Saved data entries

Segment Open

lemma verts_map_graph [simp]: "verts (map_graph g G) = g ` verts G"
  and edges_map_graph [simp]: "edges (map_graph g G) = (\<lambda>e. g ` e) ` edges G"
  by (simp_all add: map_graph_def verts_def edges_def)

lemma verts_graph_union [simp]: "verts (graph_union G G') = verts G \<union> verts G'"
  and edges_graph_union [simp]: "edges (graph_union G G') = edges G \<union> edges G'"
  by (simp_all add: graph_union_def verts_def edges_def)

lemma verts_delete_verts [simp]: "verts (delete_verts G S) = verts G - S"
  and edges_delete_verts [simp]: "edges (delete_verts G S) = {e \<in> edges G. e \<inter> S = {}}"
  by (simp_all add: delete_verts_def verts_def edges_def)

lemma verts_glue [simp]: "verts (glue H J S T f) = Inl ` verts H \<union> Inr ` (verts J - T)"
  and edges_glue [simp]:
    "edges (glue H J S T f) = (\<lambda>e. Inl ` e) ` edges H \<union> (\<lambda>e. glue_map f S T ` e) ` edges J"
  by (simp_all add: glue_def verts_def edges_def)

lemma graph_union_commute: "graph_union G G' = graph_union G' G"
  by (simp add: graph_union_def Un_commute)

lemma is_cycle_subgraph: "subgraph G G' \<Longrightarrow> is_cycle G vs \<Longrightarrow> is_cycle G' vs"
  unfolding subgraph_def is_cycle_def by blast

lemma acyclic_graph_subgraph: "subgraph G G' \<Longrightarrow> acyclic_graph G' \<Longrightarrow> acyclic_graph G"
  using is_cycle_subgraph unfolding acyclic_graph_def by blast

lemma is_cycle_map_graph_iff:
  assumes "inj g"
  shows "is_cycle (map_graph g G) (map g vs) \<longleftrightarrow> is_cycle G vs"
proof -
  have edge_iff: "{g a, g b} \<in> (\<lambda>e. g ` e) ` edges G \<longleftrightarrow> {a, b} \<in> edges G" for a b
    using inj_image_eq_iff[OF assms, of "{a, b}"] by (auto simp: image_iff)
  have nth_map_next: "map g vs ! ((i + 1) mod length vs) = g (vs ! ((i + 1) mod length vs))"
    if "i < length vs" for i
    using that by (intro nth_map mod_less_divisor) linarith
  have "{map g vs ! i, map g vs ! ((i + 1) mod length (map g vs))} \<in> edges (map_graph g G)
      \<longleftrightarrow> {vs ! i, vs ! ((i + 1) mod length vs)} \<in> edges G" if "i < length vs" for i
    by (simp only: length_map nth_map[OF that] nth_map_next[OF that] edges_map_graph
        edge_iff)
  moreover have "distinct (map g vs) \<longleftrightarrow> distinct vs"
    using inj_on_subset[OF assms subset_UNIV] by (simp add: distinct_map)
  moreover have "set (map g vs) \<subseteq> g ` verts G \<longleftrightarrow> set vs \<subseteq> verts G"
    using assms by (simp add: inj_image_subset_iff)
  ultimately show ?thesis
    unfolding is_cycle_def verts_map_graph length_map by blast
qed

Segment Closed

(Activity):
Search the records above for the word "assms", then say how many lines contain it. Give the number alone.

(Answer box):
3